Despite the Hammers’ woes of picking up only six points on the road, they are unbeaten in their last four Premier League games at home. In West Ham’s last fixture, a 1-1 draw against Aston Villa, Saïd Benrahma was their talisman.
Along with his five shots on target, the Algerian converted a penalty to earn a vital point. The winger could be key to this fixture. He had set up Declan Rice for the equalizer when the teams met previously in a 1-1 draw.
Jarrod Bowen remains the Hammers’ top scorer this season, but only 15 of his 56 shots have been on target. This is a far cry from the performances that earned him his first England call-up last year.
Problems with set pieces
Coming off the back of scoring his third England goal, Declan Rice could potentially get on the score sheet again. The holding midfielder often not being picked up in and around the box. However, Rice has also been tasked with taking corners for the side since January.

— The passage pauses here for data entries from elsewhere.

lemma acnt_less: "1 \<le> t \<Longrightarrow> acnt g k t \<omega> < t"
proof -
  assume "1 \<le> t"
  have "acnt g k t \<omega> \<le> card {1..<t}" unfolding acnt_def by (rule card_mono) auto
  with \<open>1 \<le> t\<close> show ?thesis by simp
qed

lemma ccnt_less: "1 \<le> t \<Longrightarrow> ccnt g z k t \<omega> < t"
proof -
  assume "1 \<le> t"
  have "ccnt g z k t \<omega> \<le> card {1..<t}" unfolding ccnt_def by (rule card_mono) auto
  with \<open>1 \<le> t\<close> show ?thesis by simp
qed

lemma Xv_Suc:
  fixes m n k t :: nat and g z :: "nat \<Rightarrow> 'a \<Rightarrow> nat" and \<omega> :: 'a
  defines "Y \<equiv> real (Yc m n) / real n"
    and "x \<equiv> real (ccnt g z k t \<omega>) - real (acnt g k t \<omega>) / real n"
  assumes "1 \<le> t"
  shows "Xv m n g z k (Suc t) \<omega> = Xv m n g z k t \<omega>
           + (if g t \<omega> \<noteq> k then 0 else if z t \<omega> = 1 then incr_hit Y n x else incr_miss Y n x)"
proof -
  have fpen: "fpen m n = gap_sq Y" by (auto simp: fpen_def gap_sq_def Y_def)
  show ?thesis
    using acnt_Suc[OF assms(3), of g k \<omega>] ccnt_Suc[OF assms(3), of g z k \<omega>]
    by (auto simp: Xv_def fpen incr_hit_def incr_miss_def x_def add_divide_distrib diff_divide_distrib algebra_simps)
qed

lemma Xv_Suc_eq_expected_incr:
  fixes m n k t :: nat and g z :: "nat \<Rightarrow> 'a \<Rightarrow> nat" and \<omega> :: 'a
  assumes t: "1 \<le> t" and z01: "z t \<omega> \<in> {0, 1}"
    and c_lower: "real m - max (real (m * n) - real (acnt g k t \<omega>) - real (Yc m n)) 0 \<le> real (ccnt g z k t \<omega>)"
    and c_upper: "ccnt g z k (Suc t) \<omega> \<le> m"
  shows "Xv m n g z k (Suc t) \<omega> = Xv m n g z k t \<omega>
    + (if g t \<omega> = k then expected_incr m n (Yc m n) (acnt g k t \<omega>) (ccnt g z k t \<omega>) (z t \<omega>) else 0)"
proof -
  have sat: "z t \<omega> = 0" if "g t \<omega> = k" "\<not> real (acnt g k t \<omega>) < real m * real n - real (Yc m n)"
  proof -
    from c_lower that(2) have "m \<le> ccnt g z k t \<omega>" by simp
    with c_upper ccnt_Suc[OF t, of g z k \<omega>] that(1) have "z t \<omega> \<noteq> 1" by auto
    with z01 show ?thesis by auto
  qed
  show ?thesis
  proof (cases "g t \<omega> = k")
    case True
    from z01 consider "z t \<omega> = 0" | "z t \<omega> = 1" by auto
    then show ?thesis
      using Xv_Suc[OF t, of m n g z k \<omega>] True sat by cases (auto simp: expected_incr_def)
  qed (simp add: Xv_Suc[OF t])
qed

lemma Xv_Suc_cond_exp:
  fixes M F :: "'a measure" and g z :: "nat \<Rightarrow> 'a \<Rightarrow> nat" and m n k t :: nat
  defines "incr \<equiv> \<lambda>\<omega>. expected_incr m n (Yc m n) (acnt g k t \<omega>) (ccnt g z k t \<omega>)"
  assumes M: "prob_space M" and F: "subalgebra M F" and t: "1 \<le> t"
    and counts_meas: "(\<lambda>\<omega>. (acnt g k t \<omega>, ccnt g z k t \<omega>, g t \<omega> = k)) \<in> F \<rightarrow>\<^sub>M count_space UNIV"
    and z_meas: "z t \<in> M \<rightarrow>\<^sub>M count_space UNIV" and z01: "\<And>\<omega>. \<omega> \<in> space M \<Longrightarrow> z t \<omega> \<in> {0, 1}"
    and c_bounds: "AE \<omega> in M.
      real m - max (real (m * n) - real (acnt g k t \<omega>) - real (Yc m n)) 0 \<le> real (ccnt g z k t \<omega>)
      \<and> ccnt g z k (Suc t) \<omega> \<le> m"
  shows "AE \<omega> in M. real_cond_exp M F (Xv m n g z k (Suc t)) \<omega>
    = Xv m n g z k t \<omega> + (if g t \<omega> = k then incr \<omega> (real_cond_exp M F (\<lambda>\<omega>. real (z t \<omega>)) \<omega>) else 0)"
proof -
  interpret P: prob_space M by (rule M)
  interpret finite_measure_subalgebra M F
    by (intro finite_measure_subalgebra.intro finite_measure_subalgebra_axioms.intro P.finite_measure_axioms F)
  define h where "h \<omega> = (acnt g k t \<omega>, ccnt g z k t \<omega>, g t \<omega> = k)" for \<omega>
  define W where "W \<omega> = Xv m n g z k t \<omega> + (if g t \<omega> = k then incr \<omega> 0 else 0)" for \<omega>
  define B where "B \<omega> = (if g t \<omega> = k then incr \<omega> 1 - incr \<omega> 0 else 0)" for \<omega>
  define Z where "Z = (\<lambda>\<omega>. real (z t \<omega>))"
  have h_F: "h \<in> F \<rightarrow>\<^sub>M count_space UNIV" using counts_meas by (simp add: h_def[abs_def])
  have h_finite: "finite (h ` space M)"
    by (rule finite_subset[of _ "{..<t} \<times> {..<t} \<times> UNIV"])
      (use acnt_less[OF t] ccnt_less[OF t] in \<open>auto simp: h_def\<close>)
  have z_finite: "finite (z t ` space M)"
    by (rule finite_subset[of _ "{0, 1}"]) (auto dest: z01)
  have h_eq: "acnt g k t \<omega> = acnt g k t \<omega>' \<and> ccnt g z k t \<omega> = ccnt g z k t \<omega>'
      \<and> (g t \<omega> = k \<longleftrightarrow> g t \<omega>' = k) \<and> Xv m n g z k t \<omega> = Xv m n g z k t \<omega>'" if "h \<omega> = h \<omega>'" for \<omega> \<omega>'
    using that by (simp add: h_def Xv_def)
  have incr_affine: "incr \<omega> p = incr \<omega> 0 + p * (incr \<omega> 1 - incr \<omega> 0)" for \<omega> p
    unfolding incr_def by (rule expected_incr_affine)
  have decomp: "AE \<omega> in M. Xv m n g z k (Suc t) \<omega> = W \<omega> + B \<omega> * Z \<omega>"
    using c_bounds AE_space
  proof eventually_elim
    case (elim \<omega>)
    then have "Xv m n g z k (Suc t) \<omega> = Xv m n g z k t \<omega> + (if g t \<omega> = k then incr \<omega> (Z \<omega>) else 0)"
      using Xv_Suc_eq_expected_incr[where z = z and \<omega> = \<omega>, OF t z01[OF elim(2)]]
      by (simp add: incr_def Z_def)
    then show ?case
      using incr_affine[of \<omega> "Z \<omega>"] by (simp add: W_def B_def algebra_simps)
  qed
  have "AE \<omega> in M. real_cond_exp M F (Xv m n g z k (Suc t)) \<omega> = W \<omega> + B \<omega> * real_cond_exp M F Z \<omega>"
  proof (rule real_cond_exp_affine_factor[OF h_F h_finite z_meas z_finite _ _ _ decomp])
    fix \<omega> \<omega>' assume "h \<omega> = h \<omega>'"
    with h_eq[OF this] show "W \<omega> = W \<omega>' \<and> B \<omega> = B \<omega>'" by (simp add: W_def B_def incr_def)
    assume "z t \<omega> = z t \<omega>'"
    with h_eq[OF \<open>h \<omega> = h \<omega>'\<close>] show "Xv m n g z k (Suc t) \<omega> = Xv m n g z k (Suc t) \<omega>'"
      by (simp add: Xv_Suc[OF t])
  qed (simp add: Z_def)
  then show ?thesis
  proof eventually_elim
    case (elim \<omega>)
    then show ?case
      using incr_affine[of \<omega> "real_cond_exp M F Z \<omega>"] by (simp add: W_def B_def Z_def algebra_simps)
  qed
qed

That is due to set piece specialist Aaron Cresswell barely starting since.
West Ham has only scored four times from set pieces this season. This will only come as a relief to Southampton, who has struggled to deal with dead ball situations themselves. Poor man-to-man marking has only exacerbated this. Harry Kane profited from a Spurs corner in Saints’ last fixture, as 5ft 7 fullback Kyle Walker-Peters was tasked with marking the striker.
With Southampton continuing to build under a new manager and West Ham struggling to utilize their attacking options, will this fixture allow either team to pick up three vital points towards survival? Certain factors have made both sides look capable and exciting this season. Perhaps that is why this season’s relegation scrap is the closest it has been in a long time.